__Problem requirements__
When you reach the line with "(u \<bullet> u))^2" in the data below, begin printing lines exactly, and stop once the line with "H A by simp" has been printed.
# # # #
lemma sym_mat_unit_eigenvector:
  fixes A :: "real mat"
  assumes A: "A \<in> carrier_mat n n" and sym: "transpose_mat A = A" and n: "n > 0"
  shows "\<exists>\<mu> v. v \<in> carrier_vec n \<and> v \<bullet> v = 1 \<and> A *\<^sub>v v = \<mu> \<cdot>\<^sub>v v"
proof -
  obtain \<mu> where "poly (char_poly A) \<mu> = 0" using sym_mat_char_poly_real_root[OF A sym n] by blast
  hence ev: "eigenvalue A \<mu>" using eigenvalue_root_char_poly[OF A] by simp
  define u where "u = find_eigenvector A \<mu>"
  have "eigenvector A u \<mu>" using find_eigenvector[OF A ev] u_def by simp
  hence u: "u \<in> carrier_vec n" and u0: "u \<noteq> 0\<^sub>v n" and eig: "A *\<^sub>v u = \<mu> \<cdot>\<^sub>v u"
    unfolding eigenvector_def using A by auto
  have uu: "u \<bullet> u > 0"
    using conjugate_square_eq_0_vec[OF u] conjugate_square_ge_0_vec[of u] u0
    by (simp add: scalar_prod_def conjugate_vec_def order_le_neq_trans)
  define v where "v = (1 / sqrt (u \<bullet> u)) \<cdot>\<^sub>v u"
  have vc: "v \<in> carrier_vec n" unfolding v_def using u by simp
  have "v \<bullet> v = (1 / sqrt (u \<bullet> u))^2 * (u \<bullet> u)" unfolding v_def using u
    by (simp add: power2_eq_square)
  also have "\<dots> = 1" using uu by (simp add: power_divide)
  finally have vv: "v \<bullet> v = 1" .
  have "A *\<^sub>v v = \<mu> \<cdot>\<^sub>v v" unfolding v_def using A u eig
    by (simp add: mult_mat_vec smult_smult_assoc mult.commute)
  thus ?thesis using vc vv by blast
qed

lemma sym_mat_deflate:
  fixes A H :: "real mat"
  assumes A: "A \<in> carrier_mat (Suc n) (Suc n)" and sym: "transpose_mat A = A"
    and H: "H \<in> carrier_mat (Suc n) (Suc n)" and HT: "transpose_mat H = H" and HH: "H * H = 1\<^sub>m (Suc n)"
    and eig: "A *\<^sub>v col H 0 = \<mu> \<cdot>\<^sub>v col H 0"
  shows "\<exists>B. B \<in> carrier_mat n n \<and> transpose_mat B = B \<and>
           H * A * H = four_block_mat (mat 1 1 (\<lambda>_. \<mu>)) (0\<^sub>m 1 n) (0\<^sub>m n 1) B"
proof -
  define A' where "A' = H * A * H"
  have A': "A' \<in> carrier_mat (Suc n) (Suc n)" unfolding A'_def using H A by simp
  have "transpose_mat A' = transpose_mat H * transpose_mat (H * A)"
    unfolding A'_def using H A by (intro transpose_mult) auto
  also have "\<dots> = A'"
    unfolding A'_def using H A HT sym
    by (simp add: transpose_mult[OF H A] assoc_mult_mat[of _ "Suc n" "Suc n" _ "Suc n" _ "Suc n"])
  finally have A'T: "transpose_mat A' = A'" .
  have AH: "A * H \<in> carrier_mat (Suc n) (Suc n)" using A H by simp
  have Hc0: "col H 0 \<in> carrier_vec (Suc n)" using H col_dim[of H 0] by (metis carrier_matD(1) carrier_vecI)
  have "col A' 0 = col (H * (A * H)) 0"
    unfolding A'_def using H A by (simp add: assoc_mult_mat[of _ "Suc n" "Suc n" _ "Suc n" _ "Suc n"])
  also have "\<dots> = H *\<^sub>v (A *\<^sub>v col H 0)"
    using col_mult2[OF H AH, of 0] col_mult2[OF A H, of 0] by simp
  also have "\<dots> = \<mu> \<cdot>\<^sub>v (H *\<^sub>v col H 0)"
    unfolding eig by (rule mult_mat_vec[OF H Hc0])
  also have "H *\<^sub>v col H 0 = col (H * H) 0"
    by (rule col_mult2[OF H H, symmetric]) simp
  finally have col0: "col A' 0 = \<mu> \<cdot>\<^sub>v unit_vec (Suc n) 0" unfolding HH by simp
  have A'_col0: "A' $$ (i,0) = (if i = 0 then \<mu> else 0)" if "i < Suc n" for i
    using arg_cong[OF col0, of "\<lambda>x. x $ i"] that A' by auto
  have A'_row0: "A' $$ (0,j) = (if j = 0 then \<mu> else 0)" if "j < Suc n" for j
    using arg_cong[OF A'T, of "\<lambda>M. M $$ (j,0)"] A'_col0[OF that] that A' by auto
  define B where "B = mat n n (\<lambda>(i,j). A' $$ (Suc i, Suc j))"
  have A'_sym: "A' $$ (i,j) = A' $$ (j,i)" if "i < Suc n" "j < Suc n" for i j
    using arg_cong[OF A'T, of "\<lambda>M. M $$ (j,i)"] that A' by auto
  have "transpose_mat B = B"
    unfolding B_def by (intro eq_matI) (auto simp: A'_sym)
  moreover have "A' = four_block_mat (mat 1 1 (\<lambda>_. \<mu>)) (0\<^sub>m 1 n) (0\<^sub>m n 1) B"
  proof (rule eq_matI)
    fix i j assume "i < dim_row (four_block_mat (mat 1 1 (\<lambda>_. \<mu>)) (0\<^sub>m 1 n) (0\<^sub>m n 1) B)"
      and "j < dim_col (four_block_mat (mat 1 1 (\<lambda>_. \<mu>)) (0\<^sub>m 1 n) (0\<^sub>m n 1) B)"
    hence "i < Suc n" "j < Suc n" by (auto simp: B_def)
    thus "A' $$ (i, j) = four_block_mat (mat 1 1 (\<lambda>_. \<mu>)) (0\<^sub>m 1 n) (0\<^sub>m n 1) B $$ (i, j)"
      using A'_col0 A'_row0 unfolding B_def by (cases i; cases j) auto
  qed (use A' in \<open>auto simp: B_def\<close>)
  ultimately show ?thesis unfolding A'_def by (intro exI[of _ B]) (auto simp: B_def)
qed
# # # #
__Reply__
  have "v \<bullet> v = (1 / sqrt (u \<bullet> u))^2 * (u \<bullet> u)" unfolding v_def using u
    by (simp add: power2_eq_square)
  also have "\<dots> = 1" using uu by (simp add: power_divide)
  finally have vv: "v \<bullet> v = 1" .
  have "A *\<^sub>v v = \<mu> \<cdot>\<^sub>v v" unfolding v_def using A u eig
    by (simp add: mult_mat_vec smult_smult_assoc mult.commute)
  thus ?thesis using vc vv by blast
qed

lemma sym_mat_deflate:
  fixes A H :: "real mat"
  assumes A: "A \<in> carrier_mat (Suc n) (Suc n)" and sym: "transpose_mat A = A"
    and H: "H \<in> carrier_mat (Suc n) (Suc n)" and HT: "transpose_mat H = H" and HH: "H * H = 1\<^sub>m (Suc n)"
    and eig: "A *\<^sub>v col H 0 = \<mu> \<cdot>\<^sub>v col H 0"
  shows "\<exists>B. B \<in> carrier_mat n n \<and> transpose_mat B = B \<and>
           H * A * H = four_block_mat (mat 1 1 (\<lambda>_. \<mu>)) (0\<^sub>m 1 n) (0\<^sub>m n 1) B"
proof -
  define A' where "A' = H * A * H"
  have A': "A' \<in> carrier_mat (Suc n) (Suc n)" unfolding A'_def using H A by simp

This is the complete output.